Sunday, July 19, 2020

Survivors in Mexico by Rebecca West



BOOK REVIEW - Five Stars
Survivors in Mexico by Rebecca West
This book is an overview of Mexico’s transition from Conquistador to revolutionary conversion. It is well-written and with insight. Some chapters are monumentally revealing such as Revolution or Trotsky.

Excerpts;
The word “revolutionary”? in its Mexican sense, which denotes any person who initiates against opposition any action or course of actions beneficial to his people.
Territories in the New World just discovered by Columbus, on condition that the natives were converted to Christianity. This was not the best of introductions to the Christian faith. Alexander Borgia was one of the popes whose election can be reasonably supposed to have surprised Christ. He was one of the greatest scoundrels who ever succeeded in dying in bed, and that a bed which had served too many other purposes. Today we despise the mitred bishops and the crowned kings who paid obeisance to Alexander VI for maintaining that it did not matter that he was a lecher and a murderer with incest on his conscience, he was nevertheless the elected pope.
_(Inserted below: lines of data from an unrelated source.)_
lemma bivec_sq:
  assumes "i \<in> Omega" "j \<in> Omega" "i \<noteq> j"
  shows "bivec i j * bivec i j = -1"
proof -
  have "bivec i j * bivec i j = cl_basis {i} * (cl_basis {j} * cl_basis {i}) * cl_basis {j}"
    by (simp add: bivec_def mult.assoc)
  also have "\<dots> = - ((cl_basis {i} * cl_basis {i}) * (cl_basis {j} * cl_basis {j}))"
    using assms by (simp add: cl_basis_singletons_anticommute[OF assms] mult.assoc)
  finally show ?thesis using assms by (simp add: cl_basis_singleton_sq)
qed

lemma bivec_commute:
  assumes "distinct [a, b, c, d]" "{a, b, c, d} \<subseteq> Omega"
  shows "bivec a b * bivec c d = bivec c d * bivec a b"
proof -
  have swap: "cl_basis {a} * (cl_basis {c} * w) = - (cl_basis {c} * (cl_basis {a} * w))"
    "cl_basis {a} * (cl_basis {d} * w) = - (cl_basis {d} * (cl_basis {a} * w))"
    "cl_basis {b} * (cl_basis {c} * w) = - (cl_basis {c} * (cl_basis {b} * w))"
    "cl_basis {b} * (cl_basis {d} * w) = - (cl_basis {d} * (cl_basis {b} * w))" for w
    using assms by (simp_all add: mult.assoc[symmetric] cl_basis_singletons_anticommute[of c a]
      cl_basis_singletons_anticommute[of d a] cl_basis_singletons_anticommute[of c b]
      cl_basis_singletons_anticommute[of d b])
  have "cl_basis {b} * cl_basis {d} = - (cl_basis {d} * cl_basis {b})"
    "cl_basis {a} * cl_basis {d} = - (cl_basis {d} * cl_basis {a})"
    using assms by (simp_all add: cl_basis_singletons_anticommute[of d b] cl_basis_singletons_anticommute[of d a])
  then show ?thesis by (simp add: bivec_def mult.assoc swap)
qed

section \<open>Spin\<close>

lemma cl_vec_two_coords:
  assumes "i \<in> Omega" "j \<in> Omega" "i \<noteq> j"
  shows "cl_vec (\<lambda>k. if k = i then a else if k = j then b else 0)
    = Rep_clifford (a *\<^sub>R cl_basis {i} + b *\<^sub>R cl_basis {j})"
proof
  fix Z
  have R: "Rep_clifford (a *\<^sub>R cl_basis {i} + b *\<^sub>R cl_basis {j}) Z
      = a * (if Z = {i} then 1 else 0) + b * (if Z = {j} then 1 else 0)"
    using assms by (simp add: plus_clifford.rep_eq scaleR_clifford.rep_eq Rep_cl_basis cl_add_def
      cl_smul_def cl_e_def)
  show "cl_vec (\<lambda>k. if k = i then a else if k = j then b else 0) Z
      = Rep_clifford (a *\<^sub>R cl_basis {i} + b *\<^sub>R cl_basis {j}) Z"
  proof (cases "Z \<subseteq> Omega \<and> card Z = 1")
    case True
    then obtain z where "Z = {z}" by (auto simp: card_1_singleton_iff)
    then show ?thesis unfolding R using True assms by (auto simp: cl_vec_def)
  next
    case False
    then have "Z \<noteq> {i}" "Z \<noteq> {j}" using assms by auto
    then show ?thesis unfolding R by (simp only: cl_vec_def if_not_P[OF False]) simp
  qed
qed

lemma unit_vec_two:
  assumes "i \<in> Omega" "j \<in> Omega" "i \<noteq> j" "a\<^sup>2 + b\<^sup>2 = 1"
  shows "Rep_clifford (a *\<^sub>R cl_basis {i} + b *\<^sub>R cl_basis {j}) \<in> unit_vecs"
proof -
  let ?v = "\<lambda>k. if k = i then a else if k = j then b else 0"
  have "(\<Sum>k\<in>Omega. (?v k)\<^sup>2) = (\<Sum>k\<in>Omega. (if k = i then a\<^sup>2 else 0) + (if k = j then b\<^sup>2 else 0))"
    by (rule sum.cong[OF refl]) (use assms in auto)
  also have "\<dots> = 1" using assms by (simp add: sum.distrib)
  finally show ?thesis
    unfolding unit_vecs_def cl_vec_two_coords[OF assms(1-3), symmetric] by blast
qed

lemma unit_vec_pair_mult:
  assumes "i \<in> Omega" "j \<in> Omega" "i \<noteq> j" "e \<in> {1, -1}"
  shows "\<exists>u v. Rep_clifford u \<in> unit_vecs \<and> Rep_clifford v \<in> unit_vecs \<and>
    u * v = (1 / sqrt 2) *\<^sub>R (1 + e *\<^sub>R bivec i j)"
proof (intro exI conjI)
  have "(if i = 0 then 1 else 0) \<in> Omega" "(if i = 0 then 1 else 0) \<noteq> i"
    by (auto simp: Omega_def)
  then show "Rep_clifford (cl_basis {i}) \<in> unit_vecs"
    using unit_vec_two[of i "if i = 0 then 1 else 0" 1 0] assms(1) by simp
  show "Rep_clifford ((- (1 / sqrt 2)) *\<^sub>R cl_basis {i} + (e / sqrt 2) *\<^sub>R cl_basis {j}) \<in> unit_vecs"
    using assms by (intro unit_vec_two) (auto simp: power_divide)
  have "cl_basis {i} * ((- (1 / sqrt 2)) *\<^sub>R cl_basis {i} + (e / sqrt 2) *\<^sub>R cl_basis {j})
      = (- (1 / sqrt 2)) *\<^sub>R (cl_basis {i} * cl_basis {i}) + (e / sqrt 2) *\<^sub>R bivec i j"
    by (simp only: distrib_left mult_scaleR_right bivec_def)
  also have "\<dots> = (1 / sqrt 2) *\<^sub>R (1 + e *\<^sub>R bivec i j)"
    using assms by (simp add: cl_basis_singleton_sq scaleR_add_right)
  finally show "cl_basis {i} * ((- (1 / sqrt 2)) *\<^sub>R cl_basis {i} + (e / sqrt 2) *\<^sub>R cl_basis {j})
      = (1 / sqrt 2) *\<^sub>R (1 + e *\<^sub>R bivec i j)" .
qed

lemma Spin_one: "cl_one \<in> Spin"
  unfolding Spin_def by (rule CollectI, rule exI[of _ "[]"]) simp

lemma Spin_subset_carrier: "Spin \<subseteq> cl_carrier"
proof
  fix x assume "x \<in> Spin"
  then obtain us where "x = foldr cl_mul us cl_one" unfolding Spin_def by blast
  then show "x \<in> cl_carrier" by (cases us) simp_all
qed

lemma Spin_mult_unit_vecs:
  assumes "Rep_clifford u \<in> unit_vecs" "Rep_clifford v \<in> unit_vecs" "Rep_clifford g \<in> Spin"
  shows "Rep_clifford (u * v * g) \<in> Spin"
proof -
  obtain us where us: "Rep_clifford g = foldr cl_mul us cl_one" "even (length us)" "set us \<subseteq> unit_vecs"
    using assms(3) unfolding Spin_def by blast
  have "Rep_clifford (u * v * g) = foldr cl_mul (Rep_clifford u # Rep_clifford v # us) cl_one"
    by (simp add: times_clifford.rep_eq us(1) cl_mul_assoc)
  then show ?thesis
    using us(2,3) assms(1,2) unfolding Spin_def
    by (intro CollectI exI[of _ "Rep_clifford u # Rep_clifford v # us"]) auto
qed
lemma lambda_polyharmonic_power_expansion:
  assumes "lambda_polyharmonic par rt q lam n f"
  shows "\<exists>h. (\<forall>j. lambda_harmonic par rt q lam (h j)) \<and>
             (\<forall>x. f x = (\<Sum>j<n. of_nat (depth par rt x) ^ j * h j x))"
proof (cases n)
  case 0
  then show ?thesis
    using assms by (intro exI[of _ "\<lambda>_ _. 0"])
      (simp add: lambda_polyharmonic_def lambda_harmonic_def Q_defined_def Qop_def)
next
  case (Suc m)
  obtain G where G: "\<forall>k<n. lambda_harmonic par rt q lam (G k)"
    and fG: "\<forall>x. f x = (\<Sum>k<n. of_nat (depth par rt x choose k) * G k x)"
    using lambda_polyharmonic_binomial_expansion assms Suc by blast
  let ?c = "\<lambda>k j. (- 1) ^ (k + j) * of_nat (stirling k j) / fact k :: complex"
  define h where "h = (\<lambda>j x. \<Sum>k<n. ?c k j * G k x)"
  have "lambda_harmonic par rt q lam (h j)" for j
    unfolding h_def by (rule lambda_harmonic_lincomb) (use G in auto)
  moreover have "f x = (\<Sum>j<n. of_nat (depth par rt x) ^ j * h j x)" for x
  proof -
    have "f x = (\<Sum>k<n. (\<Sum>j<n. ?c k j * of_nat (depth par rt x) ^ j) * G k x)"
      using fG by (simp add: of_nat_binomial_power_sum)
    also have "\<dots> = (\<Sum>j<n. \<Sum>k<n. of_nat (depth par rt x) ^ j * (?c k j * G k x))"
      by (subst sum.swap) (simp add: sum_distrib_left sum_distrib_right mult_ac)
    also have "\<dots> = (\<Sum>j<n. of_nat (depth par rt x) ^ j * h j x)"
      by (simp add: h_def sum_distrib_left)
    finally show ?thesis .
  qed
  ultimately show ?thesis by blast
qed

end

end

end

theorem corollary6p3:
  fixes par :: "'a::countable \<Rightarrow> 'a" and rt :: 'a
    and q :: "'a \<Rightarrow> 'a \<Rightarrow> real" and lam :: complex and n :: nat
    and f :: "'a \<Rightarrow> complex"
  assumes "rooted_tree par rt"
    and "forward_stochastic par rt q"
    and "lam \<noteq> 0"
    and "n \<ge> 1"
    and "lambda_polyharmonic par rt q lam n f"
  shows "\<exists>h :: nat \<Rightarrow> 'a \<Rightarrow> complex.
           (\<forall>k<n. lambda_harmonic par rt q lam (h k)) \<and>
           (\<forall>x. f x = (\<Sum>k<n. of_nat (depth par rt x) ^ k * h k x)) \<and>
           (\<forall>h' :: nat \<Rightarrow> 'a \<Rightarrow> complex.
              (\<forall>k<n. lambda_harmonic par rt q lam (h' k)) \<and>
              (\<forall>x. f x = (\<Sum>k<n. of_nat (depth par rt x) ^ k * h' k x))
              \<longrightarrow> (\<forall>k<n. h' k = h k))"
proof -
  \<comment> \<open>Only the support of q enters, through children.\<close>
  note tree = assms(1) and lam = assms(3)
  obtain h where h: "\<forall>j. lambda_harmonic par rt q lam (h j)"
    and fh: "\<forall>x. f x = (\<Sum>j<n. of_nat (depth par rt x) ^ j * h j x)"
    using lambda_polyharmonic_power_expansion[OF tree lam assms(5)] by blast
  have "h' k = h k"
    if h': "\<forall>k<n. lambda_harmonic par rt q lam (h' k)"
      and fh': "\<forall>x. f x = (\<Sum>k<n. of_nat (depth par rt x) ^ k * h' k x)" and "k < n" for h' k
  proof (rule lambda_harmonic_depth_power_expansion_unique[OF tree lam])
    show "\<forall>x. (\<Sum>k<n. of_nat (depth par rt x) ^ k * h k x)
      = (\<Sum>k<n. of_nat (depth par rt x) ^ k * h' k x)"
      using fh fh' by metis
  qed (use h h' \<open>k < n\<close> in auto)
  then show ?thesis
    using h fh by blast
qed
Pancho Villa, a cattle-rustler and bandit and genuine populist, a blood-and-thunder Robin Hood. There was Zapata, a pure Indian, who cared nothing for the central government and simply wanted to reconstitute the vanished Indian social system; his armies ranged Mexico, seizing the land which had been alienated from the Indian villages and killing the usurpers and, when they had done that, dropped their arms and set about cultivating the fields without another thought for fighting, unless attempts were made to dispossess them. There was Obregon, the nearest to a modern man, a trained mechanic, who became a victorious general not by courage or cunning but by sheer efficiency, and when he had to write a constitution he produced something that would, on the whole, have been passed by the Labor Parties of most countries that had an effective Labor Party.